Instructions for the task: Only one span of the listing below is wanted: the lines from the one with "d \<Longrightarrow> reval" through the one with "using ceval_degree_0[of L", reproduced exactly, both ends kept.

┄┄┄┄┄┄┄┄┄┄

(* Let $h\in\mathbb{R}[x_1,\ldots,x_n]$ be hyperbolic with respect to $\mathbf{e}$, with hyperbolicity cone $\Lambda_{++}=\Lambda_{++}(\mathbf{e})$ and closed cone $\Lambda_+$. If $\mathbf{v}_1,\ldots,\mathbf{v}_m\in\Lambda_+$, then $h[\mathbf{v}_1,\ldots,\mathbf{v}_m]$ is hyperbolic (with respect to $(\mathbf{e},0,\ldots,0)$) with hyperbolicity cone containing $\Lambda_{++}\times(-\mathbb{R}_+^m)$, where $\mathbb{R}_+=[0,\infty)$.
   Context: A homogeneous polynomial $h$ of degree $d$ is hyperbolic with respect to $\mathbf{e}\in\mathbb{R}^n$ if $h(\mathbf{e})\neq0$ and for every $\mathbf{x}\in\mathbb{R}^n$, $t\mapsto h(t\mathbf{e}-\mathbf{x})$ has only real zeros; writing $h(t\mathbf{e}-\mathbf{x})=h(\mathbf{e})\prod_{j=1}^d(t-\lambda_j(\mathbf{x}))$ defines the eigenvalues. The (open) hyperbolicity cone is $\Lambda_{++}(\mathbf{e})=\{\mathbf{x}:\min_j\lambda_j(\mathbf{x})>0\}$ and $\Lambda_+(\mathbf{e})=\{\mathbf{x}:\min_j\lambda_j(\mathbf{x})\geq0\}$. For $\mathbf{v}\in\mathbb{R}^n$, $D_{\mathbf{v}}=\sum_k v_k\partial/\partial x_k$. For $\mathbf{v}_1,\ldots,\mathbf{v}_m\in\mathbb{R}^n$, $h[\mathbf{v}_1,\ldots,\mathbf{v}_m]\in\mathbb{R}[x_1,\ldots,x_n,y_1,\ldots,y_m]$ is defined by $h[\mathbf{v}_1,\ldots,\mathbf{v}_m]=\prod_{j=1}^m(1-y_jD_{\mathbf{v}_j})\,h(\mathbf{x})$. *)

theory Defs
  imports "HOL-Analysis.Analysis" "HOL-Computational_Algebra.Polynomial"
begin

definition homog_poly_fun :: "nat \<Rightarrow> ('a::euclidean_space \<Rightarrow> real) \<Rightarrow> bool" where
  "homog_poly_fun d f \<longleftrightarrow>
     (\<exists>c :: ('a \<Rightarrow> nat) \<Rightarrow> real.
        finite {\<alpha>. c \<alpha> \<noteq> 0} \<and>
        (\<forall>\<alpha>. c \<alpha> \<noteq> 0 \<longrightarrow> (\<forall>b. b \<notin> Basis \<longrightarrow> \<alpha> b = 0) \<and> (\<Sum>b\<in>Basis. \<alpha> b) = d) \<and>
        (\<forall>x. f x = (\<Sum>\<alpha>\<in>{\<alpha>. c \<alpha> \<noteq> 0}. c \<alpha> * (\<Prod>b\<in>Basis. (x \<bullet> b) ^ \<alpha> b))))"

definition hyperbolic :: "('a::euclidean_space \<Rightarrow> real) \<Rightarrow> 'a \<Rightarrow> bool" where
  "hyperbolic h e \<longleftrightarrow>
     (\<exists>d. homog_poly_fun d h) \<and> h e \<noteq> 0 \<and>
     (\<forall>x. \<exists>p :: real poly. (\<forall>t. poly p t = h (t *\<^sub>R e - x)) \<and>
            (\<forall>z::complex. poly (map_poly complex_of_real p) z = 0 \<longrightarrow> z \<in> \<real>))"

definition eigenvalues :: "('a::euclidean_space \<Rightarrow> real) \<Rightarrow> 'a \<Rightarrow> 'a \<Rightarrow> real set" where
  "eigenvalues h e x = {t. h (t *\<^sub>R e - x) = 0}"

definition hcone_open :: "('a::euclidean_space \<Rightarrow> real) \<Rightarrow> 'a \<Rightarrow> 'a set" where
  "hcone_open h e = {x. \<forall>s\<in>eigenvalues h e x. s > 0}"

definition hcone_closed :: "('a::euclidean_space \<Rightarrow> real) \<Rightarrow> 'a \<Rightarrow> 'a set" where
  "hcone_closed h e = {x. \<forall>s\<in>eigenvalues h e x. s \<ge> 0}"

definition hop :: "('m::finite \<Rightarrow> real^'n) \<Rightarrow> 'm
     \<Rightarrow> ((real^'n) \<times> (real^'m) \<Rightarrow> real) \<Rightarrow> ((real^'n) \<times> (real^'m) \<Rightarrow> real)" where
  "hop vs j F = (\<lambda>z. F z - (snd z $ j) * frechet_derivative F (at z) (vs j, 0))"

text \<open>h[v_1,...,v_m] = prod_j (1 - y_j D_{v_j}) h(x); the operators commute,
  so we apply them along an arbitrary fixed enumeration of the index type.\<close>
definition hbracket :: "(real^'n \<Rightarrow> real) \<Rightarrow> ('m::finite \<Rightarrow> real^'n)
     \<Rightarrow> ((real^'n) \<times> (real^'m) \<Rightarrow> real)" where
  "hbracket h vs =
     foldr (hop vs) (SOME l. distinct l \<and> set l = (UNIV :: 'm set)) (\<lambda>z. h (fst z))"

end

theory Submission
  imports Defs "HOL-Complex_Analysis.Complex_Analysis"
    "HOL-Computational_Algebra.Fundamental_Theorem_Algebra"
begin

(*
  The factors 1 - y_j D_{v_j} are applied one at a time, so it suffices to show: if F is
  hyperbolic with respect to E = (e, 0), w = (v, 0) lies in its closed cone and b is the
  basis vector of y_j, then G = F - y_j D_w F is hyperbolic with respect to E, and every
  point z of the open cone of F with y_j <= 0 lies in the open cone of G.

  For real x and Im zeta > 0, the polynomial f(s) = F(zeta E - x + s w) has no zeros in the
  closed upper half-plane, so f'(0)/f(0), the sum of -1/beta over its roots beta, has
  negative imaginary part and G(zeta E - x) = f(0) + (x.b) f'(0) cannot vanish.  For the
  cone, s |-> F(z + s u) has no zeros with Re s >= 0 when u lies in the open cone, hence
  D_u F(z) / F(z) >= 0; with u = w + delta E and delta -> 0 this gives
  F(z) + mu D_w F(z) <> 0 for mu >= 0, which excludes roots t <= 0 of t |-> G(t E - z).

  All these zero-free regions come from Garding's fact that F(y + t u + i s E) <> 0 for
  u in the open cone, s > 0 and Im t >= 0, proved by deforming y to 0 and following the
  zeros with Hurwitz's theorem.
*)

(* A term (c, \<alpha>) stands for c * (\<Prod>b\<in>Basis. (x \<bullet> b) ^ \<alpha> b); reval evaluates a term
   list at a real point, ceval at arbitrary complex coordinates. *)
type_synonym 'a mpoly = "(real \<times> ('a \<Rightarrow> nat)) list"

definition monomial :: "('a::euclidean_space \<Rightarrow> nat) \<Rightarrow> ('a \<Rightarrow> 'b::comm_ring_1) \<Rightarrow> 'b" where
  "monomial \<alpha> g = (\<Prod>b\<in>Basis. g b ^ \<alpha> b)"

definition ceval :: "'a::euclidean_space mpoly \<Rightarrow> ('a \<Rightarrow> complex) \<Rightarrow> complex" where
  "ceval L g = (\<Sum>(c,\<alpha>)\<leftarrow>L. of_real c * monomial \<alpha> g)"

definition reval :: "'a::euclidean_space mpoly \<Rightarrow> 'a \<Rightarrow> real" where
  "reval L x = (\<Sum>(c,\<alpha>)\<leftarrow>L. c * monomial \<alpha> (\<lambda>b. x \<bullet> b))"

definition ccoords :: "'a::euclidean_space \<Rightarrow> 'a \<Rightarrow> complex" where
  "ccoords x = (\<lambda>b. of_real (x \<bullet> b))"

definition homogeneous_mpoly :: "'a::euclidean_space mpoly \<Rightarrow> nat \<Rightarrow> bool" where
  "homogeneous_mpoly L d \<longleftrightarrow> (\<forall>(c,\<alpha>)\<in>set L. c \<noteq> 0 \<longrightarrow> (\<Sum>b\<in>Basis. \<alpha> b) = d)"

definition basis_list :: "'a::euclidean_space list" where
  "basis_list = (SOME l. distinct l \<and> set l = Basis)"

lemma distinct_set_basis_list: "distinct (basis_list::'a::euclidean_space list)" "set (basis_list::'a list) = Basis"
proof -
  have "\<exists>l. distinct l \<and> set l = (Basis::'a set)"
    using finite_distinct_list[OF finite_Basis] by blast
  then have "distinct (basis_list::'a list) \<and> set (basis_list::'a list) = Basis"
    unfolding basis_list_def by (rule someI_ex)
  then show "distinct (basis_list::'a::euclidean_space list)" "set (basis_list::'a list) = Basis"
    by auto
qed

lemma sum_list_basis_list: "(\<Sum>b\<leftarrow>basis_list. f b) = (\<Sum>b\<in>Basis. f b)"
  using distinct_set_basis_list sum_list_distinct_conv_sum_set by metis

lemma ceval_Nil[simp]: "ceval [] g = 0" and ceval_Cons[simp]: "ceval ((c,\<alpha>)#L) g
    = of_real c * monomial \<alpha> g + ceval L g"
  by (simp_all add: ceval_def)

lemma reval_Nil[simp]: "reval [] g = 0" and reval_Cons[simp]: "reval ((c,\<alpha>)#L) g
    = c * monomial \<alpha> (\<lambda>b. g \<bullet> b) + reval L g"
  by (simp_all add: reval_def)

lemma ceval_append[simp]: "ceval (L1 @ L2) g = ceval L1 g + ceval L2 g"
  by (simp add: ceval_def)

lemma reval_append[simp]: "reval (L1 @ L2) g = reval L1 g + reval L2 g"
  by (simp add: reval_def)

lemma ceval_map: "ceval (map (\<lambda>b. (C b, A b)) xs) X = (\<Sum>b\<leftarrow>xs. of_real (C b) * monomial (A b) X)"
  by (induction xs) auto

lemma reval_map: "reval (map (\<lambda>b. (C b, A b)) xs) x = (\<Sum>b\<leftarrow>xs. C b * monomial (A b) (\<lambda>b. x \<bullet> b))"
  by (induction xs) auto

lemma reval_coeffs_zero: "(\<forall>(c,\<alpha>)\<in>set M. c = 0) \<Longrightarrow> reval M x = 0"
  by (induction M) auto

lemma monomial_of_real: "monomial \<alpha> (\<lambda>b. of_real (f b)) = of_real (monomial \<alpha> f)"
  by (simp add: monomial_def)

lemma ceval_ccoords: "ceval L (ccoords x) = of_real (reval L x)"
  by (induction L) (auto simp: ccoords_def monomial_of_real)

lemma ceval_cong: "(\<And>b. b \<in> Basis \<Longrightarrow> g b = g' b) \<Longrightarrow> ceval L g = ceval L g'"
  unfolding ceval_def monomial_def by (intro arg_cong[where f=sum_list] map_cong refl) (auto intro!: prod.cong)

lemma cnj_ccoords[simp]: "cnj (ccoords x k) = ccoords x k"
  by (simp add: ccoords_def)

lemma ceval_cnj: "ceval L (\<lambda>b. cnj (g b)) = cnj (ceval L g)"
  by (induction L) (auto simp: monomial_def)

lemma ceval_real_line: "ceval L (\<lambda>k. of_real t * ccoords E k - ccoords x k)
    = of_real (reval L (t *\<^sub>R E - x))"
proof -
  have "ceval L (\<lambda>k. of_real t * ccoords E k - ccoords x k) = ceval L (ccoords (t *\<^sub>R E - x))"
    by (rule ceval_cong) (simp add: ccoords_def inner_diff_left)
  then show ?thesis by (simp add: ceval_ccoords)
qed

lemma complex_eq_of_real_Re: "Im \<zeta> = 0 \<Longrightarrow> \<zeta> = of_real (Re \<zeta>)"
  by (simp add: complex_eq_iff)

lemma monomial_scale: "monomial \<alpha> (\<lambda>b. k * g b) = k ^ (\<Sum>b\<in>Basis. \<alpha> b) * monomial \<alpha> g"
  by (simp add: monomial_def power_mult_distrib prod.distrib power_sum)

lemma homogeneous_mpoly_Cons: "homogeneous_mpoly ((c,\<alpha>)#L) d \<longleftrightarrow> (c \<noteq> 0 \<longrightarrow> (\<Sum>b\<in>Basis. \<alpha> b) = d)
    \<and> homogeneous_mpoly L d"
  by (auto simp: homogeneous_mpoly_def)

lemma ceval_homogeneous: "homogeneous_mpoly L d \<Longrightarrow> ceval L (\<lambda>b. k * g b) = k ^ d * ceval L g"
  by (induction L) (auto simp: homogeneous_mpoly_Cons monomial_scale algebra_simps)

lemma reval_homogeneous: "homogeneous_mpoly L d \<Longrightarrow> reval L (k *\<^sub>R x) = k ^ d * reval L x"
proof (induction L)
  case (Cons a L) then show ?case
    using monomial_scale[of _ k "\<lambda>b. x \<bullet> b"]
    by (cases a) (auto simp: homogeneous_mpoly_Cons algebra_simps)
qed simp

lemma ceval_scaled_ccoords: "homogeneous_mpoly L d \<Longrightarrow> ceval L (\<lambda>k. a * ccoords x k)
    = a ^ d * of_real (reval L x)"
  using ceval_homogeneous[of L d a "ccoords x"] by (simp add: ceval_ccoords)

lemma ceval_degree_0: "homogeneous_mpoly L 0 \<Longrightarrow> ceval L g = ceval L g'"
proof (induction L)
  case (Cons a L) then show ?case
    by (cases a) (auto simp: homogeneous_mpoly_Cons monomial_def)
qed simp

lemma reval_degree_0: "homogeneous_mpoly L 0 \<Longrightarrow> reval L x = reval L y"
  using ceval_degree_0[of L "ccoords x" "ccoords y"] by (simp add: ceval_ccoords)

section \<open>Restriction to lines\<close>

definition line_cpoly :: "'a::euclidean_space mpoly \<Rightarrow> ('a \<Rightarrow> complex) \<Rightarrow> ('a \<Rightarrow> complex) \<Rightarrow> complex poly" where
  "line_cpoly L A W = (\<Sum>(c,\<alpha>)\<leftarrow>L. smult (of_real c) (\<Prod>b\<in>Basis. [:A b, W b:] ^ \<alpha> b))"

definition line_rpoly :: "'a::euclidean_space mpoly \<Rightarrow> 'a \<Rightarrow> 'a \<Rightarrow> real poly" where
  "line_rpoly L a w = (\<Sum>(c,\<alpha>)\<leftarrow>L. smult c (\<Prod>b\<in>Basis. [:a \<bullet> b, w \<bullet> b:] ^ \<alpha> b))"

lemma poly_line_cpoly: "poly (line_cpoly L A W) z = ceval L (\<lambda>b. A b + z * W b)"
  by (induction L) (auto simp: line_cpoly_def poly_prod monomial_def algebra_simps)

lemma poly_line_rpoly: "poly (line_rpoly L a w) t = reval L (a + t *\<^sub>R w)"
  by (induction L) (auto simp: line_rpoly_def poly_prod monomial_def algebra_simps inner_add_left)

lemma poly_eq_on_infinite:
  fixes p q :: "'b::idom poly"
  assumes "infinite S" "\<And>x. x \<in> S \<Longrightarrow> poly p x = poly q x"
  shows "p = q"
proof (rule ccontr)
  assume "p \<noteq> q"
  then have "finite {x. poly (p - q) x = 0}" by (intro poly_roots_finite) simp
  moreover have "S \<subseteq> {x. poly (p - q) x = 0}" using assms(2) by auto
  ultimately show False using assms(1) finite_subset by blast
qed

lemma infinite_Reals: "infinite (\<real> :: complex set)"
proof
  assume "finite (\<real> :: complex set)"
  then have "finite (Re ` \<real>)" by simp
  moreover have "Re ` \<real> = UNIV"
    by (auto simp: image_iff) (metis Re_complex_of_real Reals_of_real)
  ultimately show False by (simp add: infinite_UNIV_char_0)
qed

lemma poly_map_poly_of_real: "poly (map_poly of_real p) (of_real x)
    = (of_real (poly p x) :: 'a::{real_algebra_1,comm_semiring_0})"
  by (induction p) (auto simp: map_poly_pCons)

lemma poly_map_poly_of_real_line:
  fixes p :: "real poly"
  assumes "\<And>t. poly p t = reval L (a + t *\<^sub>R w)"
  shows "poly (map_poly of_real p) z = ceval L (\<lambda>b. ccoords a b + z * ccoords w b)"
proof -
  have "map_poly of_real p = line_cpoly L (ccoords a) (ccoords w)"
  proof (rule poly_eq_on_infinite[OF infinite_Reals])
    fix x :: complex assume "x \<in> \<real>"
    then obtain t where x: "x = of_real t" by (auto elim: Reals_cases)
    have "ceval L (\<lambda>b. ccoords a b + x * ccoords w b) = ceval L (ccoords (a + t *\<^sub>R w))"
      by (rule ceval_cong) (simp add: ccoords_def x inner_add_left)
    then show "poly (map_poly of_real p) x = poly (line_cpoly L (ccoords a) (ccoords w)) x"
      by (simp add: x poly_line_cpoly ceval_ccoords assms poly_map_poly_of_real)
  qed
  then show ?thesis by (simp add: poly_line_cpoly)
qed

┄┄┄┄┄┄┄┄┄┄

Exercise solution:
lemma reval_homogeneous: "homogeneous_mpoly L d \<Longrightarrow> reval L (k *\<^sub>R x) = k ^ d * reval L x"
proof (induction L)
  case (Cons a L) then show ?case
    using monomial_scale[of _ k "\<lambda>b. x \<bullet> b"]
    by (cases a) (auto simp: homogeneous_mpoly_Cons algebra_simps)
qed simp

lemma ceval_scaled_ccoords: "homogeneous_mpoly L d \<Longrightarrow> ceval L (\<lambda>k. a * ccoords x k)
    = a ^ d * of_real (reval L x)"
  using ceval_homogeneous[of L d a "ccoords x"] by (simp add: ceval_ccoords)

lemma ceval_degree_0: "homogeneous_mpoly L 0 \<Longrightarrow> ceval L g = ceval L g'"
proof (induction L)
  case (Cons a L) then show ?case
    by (cases a) (auto simp: homogeneous_mpoly_Cons monomial_def)
qed simp

lemma reval_degree_0: "homogeneous_mpoly L 0 \<Longrightarrow> reval L x = reval L y"
  using ceval_degree_0[of L "ccoords x" "ccoords y"] by (simp add: ceval_ccoords)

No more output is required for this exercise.